Es verdad que la Reserva Federal de los Estados Unidos (o cualquier otro banco central) bien podría ceder al impulso de empezar a aumentar las tasas de referencia. Esto «ayudaría» a resolver la desigualdad de riqueza, por los estragos que haría en las bolsas. Pero si la Fed insistiera en ese curso de acción, el resultado casi inevitable sería una recesión tremenda con altos niveles de desempleo entre los trabajadores de bajos ingresos. Y tal vez la clase media vería derrumbarse el valor de sus viviendas o de sus fondos de pensión.

Además, el dominio internacional del dólar vuelve a los mercados emergentes y a los países en desarrollo muy vulnerables a aumentos de los tipos de interés en dólares, sobre todo en momentos en que la pandemia de COVID 19 aún no está controlada. Aunque el 1% más rico en las economías avanzadas perdería dinero al ir quedando un país tras otro al borde del default, mucho mayor sería el padecimiento de cientos de millones de personas en las economías pobres y de ingresos medianos bajos.

En los países ricos hay muchos progresistas que al parecer no tienen tiempo de preocuparse por el 66% de la población mundial que no vive en las economías avanzadas o en China. Esta misma crítica es aplicable a la nueva literatura académica sobre política monetaria y desigualdad: en muchos casos, se basa en datos de los Estados Unidos, sin consideración alguna por los habitantes de otros países.
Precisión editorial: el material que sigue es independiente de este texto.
(* For any $1\le q\le\mathsf n-1$, \[\big|\log\mathbb P_{\pi_V}(X_q\mid X_{q+1:\mathsf n})\big|\le\log(\nu_q^{-1}),\] and for all $\ell\ge1$ and $1\le q\le\mathsf n-1$, \[\big|\log\mathbb P_{\pi_V}(X_q\mid X_{q+1:\mathsf n})-\log\mathbb P_{\pi_V}(X_q\mid X_{q+1:\mathsf n+\ell})\big|\le\nu_q^{-1}\prod_{k=q+1}^{\mathsf n-1}(1-\nu_k),\] with the convention that an empty product equals $1$. These bounds hold for every realization of the observations.
   Context: $\pi_V$ is a probability distribution on a measurable space $\mathbb V$, $\mathbb X$ a discrete set, and $K_i:\mathbb X\times\mathbb V^2\to[0,\infty)$ ($i\ge1$) are such that each $K_i(\cdot,v,w)$ is a probability on $\mathbb X$. For any length $m\ge1$, $\mathbb P_{\pi_V}$ denotes the law of $(V_{1:m+1},X_{1:m})$ where $V_i$ are i.i.d. $\pi_V$ and, given $V$, the $X_i$ are independent with $\mathbb P(X_i=x\mid V)=K_i(x,V_i,V_{i+1})$ (these laws are consistent in $m$); $\mathbb P_{\pi_V}(X_q\mid X_{q+1:m})$ is the conditional probability of the observed value of $X_q$ given the observed $X_{q+1:m}$. Assumption H2: there exist $\nu_i>0$ with $\nu_i\le K_i(x,v,w)\le1$ for all $x,i,v,w$. *)

theory Defs
  imports "HOL-Probability.Probability"
begin

text \<open>Probability, under the law P_piV of the model of length m (V_1..V_{m+1} i.i.d. piV,
  X_i conditionally independent given V with P(X_i = x | V) = K i x V_i V_{i+1}),
  of the event that X_i = x i for all i in the index set A (a subset of 1..m).\<close>
definition obs_prob ::
  "'v measure \<Rightarrow> (nat \<Rightarrow> 'x \<Rightarrow> 'v \<Rightarrow> 'v \<Rightarrow> real) \<Rightarrow> nat \<Rightarrow> nat set \<Rightarrow> (nat \<Rightarrow> 'x) \<Rightarrow> real"
  where
  "obs_prob piV K m A x =
     (\<integral>v. (\<Prod>i\<in>A. K i (x i) (v i) (v (Suc i))) \<partial>(PiM {1..m+1} (\<lambda>_. piV)))"

definition cond_prob ::
  "'v measure \<Rightarrow> (nat \<Rightarrow> 'x \<Rightarrow> 'v \<Rightarrow> 'v \<Rightarrow> real) \<Rightarrow> nat \<Rightarrow> nat \<Rightarrow> (nat \<Rightarrow> 'x) \<Rightarrow> real"
  where
  "cond_prob piV K q m x = obs_prob piV K m {q..m} x / obs_prob piV K m {q+1..m} x"

end

theory Submission
  imports Defs
begin

text \<open>Integrating out V_q, V_{q+1}, ... in turn writes P(X_{q:m} = x_{q:m}) as the integral
  of h = T_m ... T_q 1, where T_k F (w) = \<integral> F(v) K_k(x_k, v, w) d\<pi>_V(v), and the denominator
  as the integral of e = T_m ... T_{q+1} 1. By H2 each T_k is a Doeblin minorization:
  T_k F \<ge> \<nu>_k \<integral>F for F \<ge> 0. Hence if a e \<le> h \<le> b e, applying T_k to h - a e and b e - h
  moves both bounds towards the ratio of the integrals and shrinks b - a by the factor
  1 - \<nu>_k, while later steps preserve the bracket. So all P(X_q | X_{q+1:m}) with m \<ge> n lie
  in one interval [a, b] \<subseteq> [\<nu>_q, 1] of length at most \<Prod>_{k=q+1}^{n-1} (1 - \<nu>_k), and on
  [\<nu>_q, 1] the logarithm is (1/\<nu>_q)-Lipschitz.\<close>

locale minorized_hmm =
  fixes piV :: "'v measure"
    and K :: "nat \<Rightarrow> 'x \<Rightarrow> 'v \<Rightarrow> 'v \<Rightarrow> real"
    and \<nu> :: "nat \<Rightarrow> real"
    and x :: "nat \<Rightarrow> 'x"
  assumes prob_space_piV: "prob_space piV"
    and K_measurable: "\<And>i y. i \<ge> 1 \<Longrightarrow> (\<lambda>(v, w). K i y v w) \<in> borel_measurable (piV \<Otimes>\<^sub>M piV)"
    and nu_pos: "\<And>i. i \<ge> 1 \<Longrightarrow> \<nu> i > 0"
    and K_bounds: "\<And>i y v w. i \<ge> 1 \<Longrightarrow> v \<in> space piV \<Longrightarrow> w \<in> space piV \<Longrightarrow>
                    \<nu> i \<le> K i y v w \<and> K i y v w \<le> 1"
begin

interpretation P: prob_space piV by (rule prob_space_piV)

lemma measurable_K_comp:
  assumes "i \<ge> 1" "f \<in> measurable M piV" "g \<in> measurable M piV"
  shows "(\<lambda>z. K i y (f z) (g z)) \<in> borel_measurable M"
  using measurable_compose[OF measurable_Pair[OF assms(2,3)] K_measurable[OF assms(1), of y]]
  by simp

lemma K_nonneg: "i \<ge> 1 \<Longrightarrow> v \<in> space piV \<Longrightarrow> w \<in> space piV \<Longrightarrow> 0 \<le> K i y v w"
  using K_bounds[of i v w y] nu_pos[of i] by linarith

lemma nu_le_1: "i \<ge> 1 \<Longrightarrow> \<nu> i \<le> 1"
  using K_bounds P.not_empty by fastforce

definition bdd_measurable :: "('v \<Rightarrow> real) \<Rightarrow> bool" where
  "bdd_measurable G \<longleftrightarrow> G \<in> borel_measurable piV \<and> (\<exists>C. \<forall>w\<in>space piV. \<bar>G w\<bar> \<le> C)"

lemma bdd_measurable_const: "bdd_measurable (\<lambda>_. c)"
  unfolding bdd_measurable_def by auto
Eso no resta utilidad al intento de comprender de qué manera, con una variedad de supuestos y en diferentes circunstancias, la política monetaria puede afectar la distribución del ingreso y de la riqueza. Es posible que al avanzar la inteligencia artificial e ir apareciendo políticas monetarias mucho más sofisticadas, los economistas encuentren indicadores mejores que el nivel de empleo para juzgar las propiedades estabilizadoras de esas políticas. Sería bueno que ocurriera.

Hoy mismo la función reguladora de los bancos centrales implica que pueden hacer un aporte (marginal) a la solución de la desigualdad. En muchos países (entre ellos Japón), los bancos están en la práctica obligados a proveer cuentas básicas muy económicas o gratuitas a la mayoría de los ciudadanos de bajos ingresos. Por extraño que parezca no sucede lo mismo en Estados Unidos, aunque se le podría dar una solución elegante al problema si la Fed creara una moneda digital oficial.

Pero el ajuste de los tipos de interés es una herramienta demasiado imprecisa para que la política monetaria convencional pueda tener un papel protagónico en mitigar la desigualdad. Para ello la política fiscal (incluidos impuestos, transferencias y gasto público selectivo) es una opción mucho más eficaz y segura.

Una de las soluciones favoritas al problema de la desigualdad de riqueza, entre cuyos defensores más notables figuran los economistas Emmanuel Saez y Gabriel Zucman de la Universidad de California en Berkeley, es el impuesto a la riqueza. Pero aunque esta idea no tiene nada de absurdo, implementarla en forma equitativa es difícil, y no tiene un historial muy brillante en las economías avanzadas. Pueden imaginarse formas más sencillas de lograr lo mismo, por ejemplo reformar el impuesto sucesorio y aumentar el impuesto a las plusvalías.

Otra idea sería adoptar un sistema de impuestos progresivos al consumo, una versión más elaborada del impuesto al valor agregado o a las ventas que afecte a los poseedores de riqueza al momento de gastar su dinero. Y un impuesto al carbono puede recaudar sumas enormes que se podrían redirigir hacia las familias de ingresos bajos y medianos bajos.

Algunos dirán que dado que la parálisis política frena la promoción de estas propuestas redistributivas, para poner coto a la desigualdad es necesario que los bancos centrales intervengan. Los partidarios de esta idea parecen olvidar que si bien los bancos centrales tienen cierto grado de independencia operativa, no pueden arrogarse la toma de decisiones en materia de política fiscal, que es atribución de las legislaturas.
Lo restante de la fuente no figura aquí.